Die Regierung Orbán und die ungarischen Tage

23.08.2011

«Der ungarische Präsident, Pál Schmitt, reiste vergangene Woche - unmittelbar nach dem ungarischen Nationalfeiertag - nach Rumänien, besuchte Vertreter der Rumänienungarn in Siebenbürgen und machte sich selbst zum Programmpunkt des Abschlusstages der "Ungarischen Tage", um eine Messe zur "Einheit der Nation" zu zelebrieren.»
[Zitat aus Pester LLoyd, 23.08.2011]

Ungarn hat die spezielle Situation, dass es als Volk selten homogen ist, auch durch die spezielle Sprache bedingt. Seit den Trianonverträgen nach dem ersten Weltkrieg wurden rundherum erhebliche Teile Ungarns abgeschnitten, was die Menschen noch heute schmerzt. In den umliegenden Ländern, vor allem in der Slowakei und in Rumänien, leben ungarische Minderheiten, die aber doch so stark sind, dass sie für Regierungsqualitionen Zünglein an der Waage sein können. Die Regierung Orbán versucht in diesen umliegenden Ländern die ungarisch-nationalen Kräfte zu stärken.
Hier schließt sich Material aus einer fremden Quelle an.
text \<open>The first-order term \<open>(e - g) ln z\<close> is kept apart because its sum over the
  entropy maximiser is nonnegative (\<open>maxent_first_order\<close>).\<close>
lemma relent_convex_comb_le:
  assumes e: "0 \<le> e" and g: "0 \<le> g" and t: "0 < t" "t < 1" and z: "z = (1 - t) * g + t * e"
  shows "relent e z \<le> xlnx e - xlnx g - g * ln (1 - t) - (e - g) * ln z"
proof (cases "z = 0")
  case True
  hence "e = 0" "g = 0" using convex_comb_nonneg(2)[OF g e t] z by simp_all
  thus ?thesis by (simp add: relent_def xlnx_def)
next
  case False
  hence zp: "0 < z" using convex_comb_nonneg(1)[OF g e t] z by simp
  have relent_z: "relent e z = xlnx e - e * ln z"
    using relent_eq_xlnx_minus[OF _ zp] e by (cases "e = 0") (auto simp: relent_def xlnx_def)
  have "xlnx g + g * ln (1 - t) \<le> g * ln z"
  proof (cases "g = 0")
    case True thus ?thesis by (simp add: xlnx_def)
  next
    case False
    have "(1 - t) * g \<le> z" using z t e by simp
    hence "ln ((1 - t) * g) \<le> ln z" using False g t zp by (subst ln_le_cancel_iff) auto
    hence "g * (ln (1 - t) + ln g) \<le> g * ln z"
      using False g t by (intro mult_left_mono) (auto simp: ln_mult)
    thus ?thesis using False by (simp add: xlnx_def algebra_simps)
  qed
  thus ?thesis using relent_z by (simp add: algebra_simps)
qed

lemma relent_le_relent_convex_comb:
  assumes e: "0 \<le> e" and g: "0 \<le> g" "0 < e \<Longrightarrow> 0 < g" and t: "0 < t" "t < 1"
    and z: "z = (1 - t) * g + t * e"
  shows "relent e g \<le> relent e z + t * (e * e / g)"
proof (cases "e = 0")
  case True thus ?thesis by (simp add: relent_def)
next
  case False
  hence ep: "0 < e" and gp: "0 < g" using e g by auto
  hence zp: "0 < z"
    using convex_comb_nonneg[OF g(1) e t] z by (metis less_eq_real_def)
  have "g * (ln z - ln g) \<le> z - g" using gp zp by (rule mult_ln_le_diff)
  also have "\<dots> \<le> t * e"
    using mult_nonneg_nonneg[of t g] t g unfolding z by (simp add: algebra_simps)
  finally have "ln z - ln g \<le> t * e / g" using gp by (simp add: field_simps)
  hence "e * (ln z - ln g) \<le> e * (t * e / g)" using ep by (intro mult_left_mono) auto
  thus ?thesis using relent_eq_xlnx_minus[OF ep gp] relent_eq_xlnx_minus[OF ep zp]
    by (simp add: algebra_simps)
qed

lemma le_of_le_add_mult_small:
  fixes x B K :: real
  assumes "0 \<le> K" and le: "\<And>t. 0 < t \<Longrightarrow> t \<le> 1/2 \<Longrightarrow> x \<le> B + t * K"
  shows "x \<le> B"
proof (rule field_le_epsilon)
  fix \<delta> :: real assume "0 < \<delta>"
  define t where "t = min (1/2) (\<delta> / (K + 1))"
  have t: "0 < t" "t \<le> 1/2" "t \<le> \<delta> / (K + 1)"
    using \<open>0 < \<delta>\<close> \<open>0 \<le> K\<close> unfolding t_def by (simp_all only: min.cobounded1 min.cobounded2) simp
  have "t * K \<le> \<delta> / (K + 1) * K" using t \<open>0 \<le> K\<close> by (intro mult_right_mono) auto
  also have "\<dots> \<le> \<delta>" using \<open>0 < \<delta>\<close> \<open>0 \<le> K\<close> by (simp add: field_simps)
  finally show "x \<le> B + \<delta>" using le[OF t(1,2)] by simp
qed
Was würde ich tun, wenn ich Orbán wäre? – Die Frage erinnert an Kindertage, zugegeben. Doch würde ich genau das tun, was ich hiermit tue: Ich würde mich einsetzen dafür, dass das kulturelle Leben, das Bildungswesen, die Religionen und Kirchen vom Staat unabhängig in Selbstverwaltung entlassen werden. Das kulturelle Leben könnte sich frei gestalten und zeigen, wie fruchtbar es sein kann. Einem solchen Beispiel könnten bald die Nachbarn in der Slowakei und in Rumänien folgen, denn die müssten dann keine Angst mehr haben um ihr Territorium. Für das kulturelle Leben wären die Staatsgrenzen aufgelöst. Das Ziel eines vereinten Volkes wäre den Menschen möglich in dem Bereich, in dem es drauf an kommt, soweit sie das wollen. Denn das Primat sollte heute ja bei den einzelnen Menschen liegen, von denen die Impulse ausgehen.

Orbán müsste sich dann nicht darum kümmern, dass vor allem die altgedienten Religionsgemeinschaften staatliche Anerkennung und Unterstützung finden, er könnte das der Fruchtbarkeit der einzelnen überlassen. Er müsste sich nicht drum kümmern, wer die Oper managt. Er könnte dafür sorgen, dass Schulen, die die Kommunen nicht mehr leisten können, nicht einfach zurückfallen an die Kirchen, sondern dass neue pädagogische Konzepte mit gleich langen Spiessen wirken können. Er müsste nicht aus politischen Gründen die Ungarn in den Nachbarstaaten aufhetzen. Er könnte sich auf die Staatsaufgaben konzentrieren. Und hätte vielleicht Zeit, sich mal um Kernpunkte der sozialen Frage zu kümmern, wie sie Rudolf Steiner im gleichnamigen Buch aufzeigt und zu Ideen kommen, die einem Staatsmann besser anstehen. Dann würde er schätzen lernen, dass wirklich freie Medien eine Hilfe sind beim Regieren, nicht ein Hindernis. – Orbán zeigt sich volksnah, meint, er habe das Ohr nahe am Herzen des Volkes. Warum flüstert ihm das keiner?